==== Supplied records

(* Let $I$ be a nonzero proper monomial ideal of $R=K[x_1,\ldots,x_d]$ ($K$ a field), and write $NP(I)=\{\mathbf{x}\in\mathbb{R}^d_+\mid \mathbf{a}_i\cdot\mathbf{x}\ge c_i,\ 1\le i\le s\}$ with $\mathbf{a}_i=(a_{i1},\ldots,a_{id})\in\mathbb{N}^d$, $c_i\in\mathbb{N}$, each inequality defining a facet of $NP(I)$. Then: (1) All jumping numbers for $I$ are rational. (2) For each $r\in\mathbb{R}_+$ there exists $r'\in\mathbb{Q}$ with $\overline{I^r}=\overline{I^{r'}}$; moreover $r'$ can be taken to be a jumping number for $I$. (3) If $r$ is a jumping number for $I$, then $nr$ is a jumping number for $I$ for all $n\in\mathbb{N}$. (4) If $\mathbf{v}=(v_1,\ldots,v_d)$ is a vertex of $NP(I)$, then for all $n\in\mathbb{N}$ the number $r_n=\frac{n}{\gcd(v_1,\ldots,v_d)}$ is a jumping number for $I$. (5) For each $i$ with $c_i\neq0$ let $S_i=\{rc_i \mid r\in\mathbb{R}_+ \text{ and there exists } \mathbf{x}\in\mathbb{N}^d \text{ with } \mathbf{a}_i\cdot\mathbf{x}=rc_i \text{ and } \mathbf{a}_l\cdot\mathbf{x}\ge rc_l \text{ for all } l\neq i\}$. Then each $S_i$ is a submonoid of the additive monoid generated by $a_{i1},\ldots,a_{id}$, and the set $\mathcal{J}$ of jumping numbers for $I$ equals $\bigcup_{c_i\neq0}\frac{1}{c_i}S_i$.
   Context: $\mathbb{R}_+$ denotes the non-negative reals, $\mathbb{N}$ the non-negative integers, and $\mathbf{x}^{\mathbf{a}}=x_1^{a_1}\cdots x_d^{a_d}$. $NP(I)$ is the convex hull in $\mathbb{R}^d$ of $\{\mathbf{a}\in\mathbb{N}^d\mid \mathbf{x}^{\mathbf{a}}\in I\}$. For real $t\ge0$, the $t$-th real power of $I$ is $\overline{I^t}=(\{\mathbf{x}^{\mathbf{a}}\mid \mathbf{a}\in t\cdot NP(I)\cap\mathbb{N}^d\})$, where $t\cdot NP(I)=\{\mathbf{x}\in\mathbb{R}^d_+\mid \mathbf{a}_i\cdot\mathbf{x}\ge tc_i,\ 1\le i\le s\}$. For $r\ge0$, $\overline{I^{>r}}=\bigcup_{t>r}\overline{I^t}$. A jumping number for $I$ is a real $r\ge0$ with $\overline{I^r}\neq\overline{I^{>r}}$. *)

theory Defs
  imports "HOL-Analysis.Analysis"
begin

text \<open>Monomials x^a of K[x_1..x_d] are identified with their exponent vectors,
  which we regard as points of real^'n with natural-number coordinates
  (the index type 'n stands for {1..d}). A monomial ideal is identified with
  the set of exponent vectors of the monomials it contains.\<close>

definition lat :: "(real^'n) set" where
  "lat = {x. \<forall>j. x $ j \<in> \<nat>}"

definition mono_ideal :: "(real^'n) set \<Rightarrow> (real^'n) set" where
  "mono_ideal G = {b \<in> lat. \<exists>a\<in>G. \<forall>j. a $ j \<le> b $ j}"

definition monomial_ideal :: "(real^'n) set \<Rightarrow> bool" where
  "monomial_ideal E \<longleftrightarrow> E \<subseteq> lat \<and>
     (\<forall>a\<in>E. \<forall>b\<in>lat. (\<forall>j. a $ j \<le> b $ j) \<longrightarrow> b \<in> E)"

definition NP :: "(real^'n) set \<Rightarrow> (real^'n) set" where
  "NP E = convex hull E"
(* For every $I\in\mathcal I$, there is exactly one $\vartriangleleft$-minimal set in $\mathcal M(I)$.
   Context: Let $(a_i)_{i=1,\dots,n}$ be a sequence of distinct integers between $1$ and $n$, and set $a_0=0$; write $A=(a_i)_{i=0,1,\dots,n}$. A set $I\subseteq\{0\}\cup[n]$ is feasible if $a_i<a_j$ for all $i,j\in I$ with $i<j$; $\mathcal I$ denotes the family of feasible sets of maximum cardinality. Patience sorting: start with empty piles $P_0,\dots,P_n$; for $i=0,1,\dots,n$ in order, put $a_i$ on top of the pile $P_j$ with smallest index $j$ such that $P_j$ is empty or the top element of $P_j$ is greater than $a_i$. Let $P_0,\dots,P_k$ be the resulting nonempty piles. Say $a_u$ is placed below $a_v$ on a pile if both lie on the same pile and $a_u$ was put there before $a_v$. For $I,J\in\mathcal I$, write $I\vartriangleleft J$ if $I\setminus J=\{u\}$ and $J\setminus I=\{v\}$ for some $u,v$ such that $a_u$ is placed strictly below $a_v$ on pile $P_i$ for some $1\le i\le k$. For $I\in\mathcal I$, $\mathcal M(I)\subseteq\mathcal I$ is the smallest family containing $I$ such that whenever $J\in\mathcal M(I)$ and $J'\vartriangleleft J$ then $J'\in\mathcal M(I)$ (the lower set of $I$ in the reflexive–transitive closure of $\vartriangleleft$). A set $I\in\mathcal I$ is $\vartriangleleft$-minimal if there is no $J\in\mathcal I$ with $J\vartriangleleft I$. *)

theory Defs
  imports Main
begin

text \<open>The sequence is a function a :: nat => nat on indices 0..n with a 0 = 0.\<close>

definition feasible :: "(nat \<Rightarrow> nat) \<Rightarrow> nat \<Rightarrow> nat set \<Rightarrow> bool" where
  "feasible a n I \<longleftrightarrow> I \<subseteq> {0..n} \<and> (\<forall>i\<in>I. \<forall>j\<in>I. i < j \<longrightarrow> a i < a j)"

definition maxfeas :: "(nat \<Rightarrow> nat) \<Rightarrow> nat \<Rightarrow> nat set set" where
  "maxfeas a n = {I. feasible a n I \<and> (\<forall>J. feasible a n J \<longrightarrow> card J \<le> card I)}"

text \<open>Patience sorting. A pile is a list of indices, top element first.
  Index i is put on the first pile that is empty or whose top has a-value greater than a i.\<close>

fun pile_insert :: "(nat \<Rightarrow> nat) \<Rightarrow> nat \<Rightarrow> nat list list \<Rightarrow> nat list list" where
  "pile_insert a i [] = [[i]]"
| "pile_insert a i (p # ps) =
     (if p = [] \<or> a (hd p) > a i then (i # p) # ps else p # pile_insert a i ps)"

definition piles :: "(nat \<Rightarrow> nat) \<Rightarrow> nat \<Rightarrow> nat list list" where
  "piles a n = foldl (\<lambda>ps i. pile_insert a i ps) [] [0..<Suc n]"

========

Aim of the task: Give the number of lines in the records where the word "identified" shows up. Nothing else belongs in the reply.

Task response: 2